→ Data section:
- - - - - - -

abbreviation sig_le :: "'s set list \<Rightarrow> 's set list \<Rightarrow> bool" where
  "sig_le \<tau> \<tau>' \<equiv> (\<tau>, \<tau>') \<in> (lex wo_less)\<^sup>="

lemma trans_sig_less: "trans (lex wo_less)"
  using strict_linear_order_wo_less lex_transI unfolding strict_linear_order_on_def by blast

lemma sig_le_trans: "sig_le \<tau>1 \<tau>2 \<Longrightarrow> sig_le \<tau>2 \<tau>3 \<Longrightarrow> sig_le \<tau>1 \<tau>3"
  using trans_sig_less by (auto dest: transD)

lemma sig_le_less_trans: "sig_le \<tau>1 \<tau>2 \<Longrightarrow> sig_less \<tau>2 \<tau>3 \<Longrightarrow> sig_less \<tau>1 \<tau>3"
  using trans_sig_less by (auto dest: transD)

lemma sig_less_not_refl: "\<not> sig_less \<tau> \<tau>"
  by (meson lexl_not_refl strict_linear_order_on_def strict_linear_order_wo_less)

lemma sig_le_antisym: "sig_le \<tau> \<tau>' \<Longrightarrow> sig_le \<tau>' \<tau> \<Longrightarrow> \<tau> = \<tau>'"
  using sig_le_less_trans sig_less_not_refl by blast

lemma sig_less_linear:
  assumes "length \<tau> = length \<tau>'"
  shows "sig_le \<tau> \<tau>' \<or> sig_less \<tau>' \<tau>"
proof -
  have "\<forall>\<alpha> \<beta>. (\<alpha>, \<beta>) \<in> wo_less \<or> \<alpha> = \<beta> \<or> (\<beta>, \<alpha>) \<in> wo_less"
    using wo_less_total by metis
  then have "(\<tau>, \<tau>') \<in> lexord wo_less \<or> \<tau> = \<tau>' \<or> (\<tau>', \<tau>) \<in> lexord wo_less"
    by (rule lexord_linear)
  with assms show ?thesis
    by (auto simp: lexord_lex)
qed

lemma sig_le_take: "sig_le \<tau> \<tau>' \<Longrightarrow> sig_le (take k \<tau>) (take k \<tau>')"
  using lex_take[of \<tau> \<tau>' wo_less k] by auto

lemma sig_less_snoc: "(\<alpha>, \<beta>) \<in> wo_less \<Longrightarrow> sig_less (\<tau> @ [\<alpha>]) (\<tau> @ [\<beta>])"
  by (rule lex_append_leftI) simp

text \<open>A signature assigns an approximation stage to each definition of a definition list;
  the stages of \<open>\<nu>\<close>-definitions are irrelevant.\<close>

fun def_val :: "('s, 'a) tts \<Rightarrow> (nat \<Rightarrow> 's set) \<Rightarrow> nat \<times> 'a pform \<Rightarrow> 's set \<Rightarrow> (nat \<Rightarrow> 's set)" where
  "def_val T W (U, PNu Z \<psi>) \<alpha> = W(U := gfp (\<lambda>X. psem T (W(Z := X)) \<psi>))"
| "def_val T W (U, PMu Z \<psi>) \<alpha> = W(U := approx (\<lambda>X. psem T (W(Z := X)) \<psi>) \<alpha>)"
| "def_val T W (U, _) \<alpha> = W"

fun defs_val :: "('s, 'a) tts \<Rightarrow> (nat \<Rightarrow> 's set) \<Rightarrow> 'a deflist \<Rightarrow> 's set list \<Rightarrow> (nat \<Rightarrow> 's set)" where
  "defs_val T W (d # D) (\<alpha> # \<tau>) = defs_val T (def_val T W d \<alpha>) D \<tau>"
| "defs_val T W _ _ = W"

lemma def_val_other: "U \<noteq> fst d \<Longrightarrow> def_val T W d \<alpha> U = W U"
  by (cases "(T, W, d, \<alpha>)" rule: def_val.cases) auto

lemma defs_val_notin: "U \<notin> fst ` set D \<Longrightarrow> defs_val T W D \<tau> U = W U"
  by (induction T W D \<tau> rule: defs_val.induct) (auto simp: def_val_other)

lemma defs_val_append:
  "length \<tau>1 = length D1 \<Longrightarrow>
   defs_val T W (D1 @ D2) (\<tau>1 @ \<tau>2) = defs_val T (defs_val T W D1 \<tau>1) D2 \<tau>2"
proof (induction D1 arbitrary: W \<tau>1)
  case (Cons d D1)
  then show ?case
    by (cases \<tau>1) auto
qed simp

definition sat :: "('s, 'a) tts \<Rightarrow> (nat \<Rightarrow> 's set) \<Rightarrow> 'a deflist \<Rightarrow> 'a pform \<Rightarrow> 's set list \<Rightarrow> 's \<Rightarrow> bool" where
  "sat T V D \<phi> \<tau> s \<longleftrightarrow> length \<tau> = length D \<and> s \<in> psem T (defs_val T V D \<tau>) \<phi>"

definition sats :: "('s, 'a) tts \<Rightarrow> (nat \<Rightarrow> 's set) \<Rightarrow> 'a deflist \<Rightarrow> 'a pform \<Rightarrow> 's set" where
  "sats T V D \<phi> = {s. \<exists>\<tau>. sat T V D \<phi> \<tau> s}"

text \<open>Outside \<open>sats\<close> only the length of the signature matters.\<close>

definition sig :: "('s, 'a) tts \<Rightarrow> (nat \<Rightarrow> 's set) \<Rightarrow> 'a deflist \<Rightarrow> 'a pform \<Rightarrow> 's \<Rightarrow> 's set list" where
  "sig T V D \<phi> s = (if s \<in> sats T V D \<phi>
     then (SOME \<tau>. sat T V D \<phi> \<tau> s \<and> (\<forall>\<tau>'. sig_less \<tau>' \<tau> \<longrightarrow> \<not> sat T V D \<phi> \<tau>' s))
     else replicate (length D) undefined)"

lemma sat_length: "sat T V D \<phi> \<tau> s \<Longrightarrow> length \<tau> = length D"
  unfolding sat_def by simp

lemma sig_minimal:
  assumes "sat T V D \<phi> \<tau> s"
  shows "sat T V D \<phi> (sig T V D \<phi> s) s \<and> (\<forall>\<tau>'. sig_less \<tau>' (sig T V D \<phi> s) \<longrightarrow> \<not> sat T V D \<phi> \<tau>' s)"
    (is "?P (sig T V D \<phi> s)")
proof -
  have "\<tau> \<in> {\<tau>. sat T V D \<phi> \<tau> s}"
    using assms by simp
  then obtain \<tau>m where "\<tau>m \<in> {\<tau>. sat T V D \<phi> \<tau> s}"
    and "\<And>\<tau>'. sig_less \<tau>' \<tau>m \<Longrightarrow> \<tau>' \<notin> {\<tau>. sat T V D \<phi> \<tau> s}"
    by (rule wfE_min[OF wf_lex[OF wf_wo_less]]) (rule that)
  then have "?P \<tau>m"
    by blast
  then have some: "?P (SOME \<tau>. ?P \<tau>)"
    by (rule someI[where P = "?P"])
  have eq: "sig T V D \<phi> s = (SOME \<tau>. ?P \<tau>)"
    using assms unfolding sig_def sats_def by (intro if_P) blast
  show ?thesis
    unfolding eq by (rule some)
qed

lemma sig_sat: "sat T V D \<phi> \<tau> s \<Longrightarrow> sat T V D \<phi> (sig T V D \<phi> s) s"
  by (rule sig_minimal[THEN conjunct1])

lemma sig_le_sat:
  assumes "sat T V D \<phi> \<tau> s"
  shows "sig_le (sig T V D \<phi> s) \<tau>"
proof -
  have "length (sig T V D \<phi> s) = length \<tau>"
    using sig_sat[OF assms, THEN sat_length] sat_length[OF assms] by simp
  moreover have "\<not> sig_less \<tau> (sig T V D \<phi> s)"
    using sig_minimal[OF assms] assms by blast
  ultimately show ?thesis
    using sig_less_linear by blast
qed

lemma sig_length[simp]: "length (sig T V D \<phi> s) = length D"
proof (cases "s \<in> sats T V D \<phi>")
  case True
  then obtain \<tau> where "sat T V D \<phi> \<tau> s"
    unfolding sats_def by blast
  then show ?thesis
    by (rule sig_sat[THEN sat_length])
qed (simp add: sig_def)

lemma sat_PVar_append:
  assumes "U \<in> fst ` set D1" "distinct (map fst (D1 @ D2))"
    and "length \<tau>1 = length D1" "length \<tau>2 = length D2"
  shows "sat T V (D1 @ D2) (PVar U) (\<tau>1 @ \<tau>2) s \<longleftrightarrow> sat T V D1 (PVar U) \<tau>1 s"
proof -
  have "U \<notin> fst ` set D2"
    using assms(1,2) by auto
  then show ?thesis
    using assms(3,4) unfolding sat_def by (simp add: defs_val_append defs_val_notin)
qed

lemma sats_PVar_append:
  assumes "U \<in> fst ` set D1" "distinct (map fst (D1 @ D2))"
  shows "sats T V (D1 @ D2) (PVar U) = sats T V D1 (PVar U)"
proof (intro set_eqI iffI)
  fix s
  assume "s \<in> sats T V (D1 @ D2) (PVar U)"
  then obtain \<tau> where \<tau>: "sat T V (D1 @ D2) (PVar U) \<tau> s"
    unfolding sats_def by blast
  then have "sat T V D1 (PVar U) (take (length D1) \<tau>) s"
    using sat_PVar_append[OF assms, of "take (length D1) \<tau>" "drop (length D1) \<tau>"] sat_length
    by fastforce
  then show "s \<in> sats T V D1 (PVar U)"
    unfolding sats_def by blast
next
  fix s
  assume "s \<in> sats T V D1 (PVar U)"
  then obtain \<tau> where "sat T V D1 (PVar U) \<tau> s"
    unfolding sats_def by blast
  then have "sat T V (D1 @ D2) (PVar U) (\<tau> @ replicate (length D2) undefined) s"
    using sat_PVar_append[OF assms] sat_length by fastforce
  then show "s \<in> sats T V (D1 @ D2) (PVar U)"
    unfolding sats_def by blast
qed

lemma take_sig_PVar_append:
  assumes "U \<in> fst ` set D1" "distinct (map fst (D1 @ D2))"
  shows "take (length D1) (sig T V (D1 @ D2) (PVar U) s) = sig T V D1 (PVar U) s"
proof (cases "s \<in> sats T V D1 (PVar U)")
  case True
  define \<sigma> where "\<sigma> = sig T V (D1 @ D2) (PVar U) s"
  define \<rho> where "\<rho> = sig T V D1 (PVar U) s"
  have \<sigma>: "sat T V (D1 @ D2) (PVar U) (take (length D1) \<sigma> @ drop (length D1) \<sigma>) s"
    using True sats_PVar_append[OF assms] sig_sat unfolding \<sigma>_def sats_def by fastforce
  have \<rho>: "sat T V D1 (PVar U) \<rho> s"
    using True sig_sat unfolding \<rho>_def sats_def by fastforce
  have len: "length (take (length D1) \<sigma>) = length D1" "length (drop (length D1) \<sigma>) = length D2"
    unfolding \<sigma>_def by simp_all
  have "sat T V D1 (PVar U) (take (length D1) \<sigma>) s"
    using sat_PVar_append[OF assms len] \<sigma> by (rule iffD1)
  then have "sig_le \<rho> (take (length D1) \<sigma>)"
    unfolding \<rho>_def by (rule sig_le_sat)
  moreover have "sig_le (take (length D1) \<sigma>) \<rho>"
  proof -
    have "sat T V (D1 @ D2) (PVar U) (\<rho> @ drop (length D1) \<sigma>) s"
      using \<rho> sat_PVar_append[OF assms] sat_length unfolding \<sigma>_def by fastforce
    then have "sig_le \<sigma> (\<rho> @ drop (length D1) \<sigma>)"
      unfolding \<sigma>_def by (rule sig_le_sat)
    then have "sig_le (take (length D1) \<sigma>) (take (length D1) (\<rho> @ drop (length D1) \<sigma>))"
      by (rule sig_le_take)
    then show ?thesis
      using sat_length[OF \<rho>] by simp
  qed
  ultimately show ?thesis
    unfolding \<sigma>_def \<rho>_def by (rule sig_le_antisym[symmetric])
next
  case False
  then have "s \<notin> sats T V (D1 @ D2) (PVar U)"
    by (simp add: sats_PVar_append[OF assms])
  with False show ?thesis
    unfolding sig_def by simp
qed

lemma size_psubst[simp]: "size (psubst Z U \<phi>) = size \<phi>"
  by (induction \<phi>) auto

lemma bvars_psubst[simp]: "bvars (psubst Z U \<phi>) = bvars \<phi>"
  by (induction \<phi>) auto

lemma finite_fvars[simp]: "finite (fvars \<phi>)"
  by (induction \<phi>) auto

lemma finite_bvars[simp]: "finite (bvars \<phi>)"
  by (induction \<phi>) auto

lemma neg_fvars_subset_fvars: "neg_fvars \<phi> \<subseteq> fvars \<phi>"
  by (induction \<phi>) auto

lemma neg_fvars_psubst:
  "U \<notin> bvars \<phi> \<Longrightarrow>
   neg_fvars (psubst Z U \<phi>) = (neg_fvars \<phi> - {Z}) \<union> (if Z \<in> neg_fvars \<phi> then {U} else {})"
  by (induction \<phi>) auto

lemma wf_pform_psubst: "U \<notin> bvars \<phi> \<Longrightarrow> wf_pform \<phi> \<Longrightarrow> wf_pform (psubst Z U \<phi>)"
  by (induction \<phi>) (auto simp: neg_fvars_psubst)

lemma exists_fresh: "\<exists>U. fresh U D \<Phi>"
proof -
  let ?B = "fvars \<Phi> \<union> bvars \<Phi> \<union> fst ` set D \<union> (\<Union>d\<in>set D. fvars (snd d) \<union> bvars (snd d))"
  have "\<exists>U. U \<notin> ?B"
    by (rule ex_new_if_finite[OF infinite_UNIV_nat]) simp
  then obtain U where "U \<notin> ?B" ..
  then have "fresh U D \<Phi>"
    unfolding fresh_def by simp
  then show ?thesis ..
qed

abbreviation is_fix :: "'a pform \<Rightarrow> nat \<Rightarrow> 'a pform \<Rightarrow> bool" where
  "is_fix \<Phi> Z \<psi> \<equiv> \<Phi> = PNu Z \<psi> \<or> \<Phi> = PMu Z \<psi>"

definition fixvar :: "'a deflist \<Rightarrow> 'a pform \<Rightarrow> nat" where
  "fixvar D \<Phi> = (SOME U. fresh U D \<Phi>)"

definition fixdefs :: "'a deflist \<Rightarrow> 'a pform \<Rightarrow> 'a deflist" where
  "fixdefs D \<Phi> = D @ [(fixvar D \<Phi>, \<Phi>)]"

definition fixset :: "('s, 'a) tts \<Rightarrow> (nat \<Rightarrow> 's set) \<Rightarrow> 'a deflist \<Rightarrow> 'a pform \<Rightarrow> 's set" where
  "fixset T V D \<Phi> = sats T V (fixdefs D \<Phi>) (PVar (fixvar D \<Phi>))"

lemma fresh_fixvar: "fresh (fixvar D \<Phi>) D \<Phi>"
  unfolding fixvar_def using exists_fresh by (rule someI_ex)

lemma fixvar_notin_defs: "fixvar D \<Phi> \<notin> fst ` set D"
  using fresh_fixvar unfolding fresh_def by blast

- - - - - - -

→ Task prompt: Copy every line of the data that holds the string "abbreviation".

→ Task result:
abbreviation sig_le :: "'s set list \<Rightarrow> 's set list \<Rightarrow> bool" where
abbreviation is_fix :: "'a pform \<Rightarrow> nat \<Rightarrow> 'a pform \<Rightarrow> bool" where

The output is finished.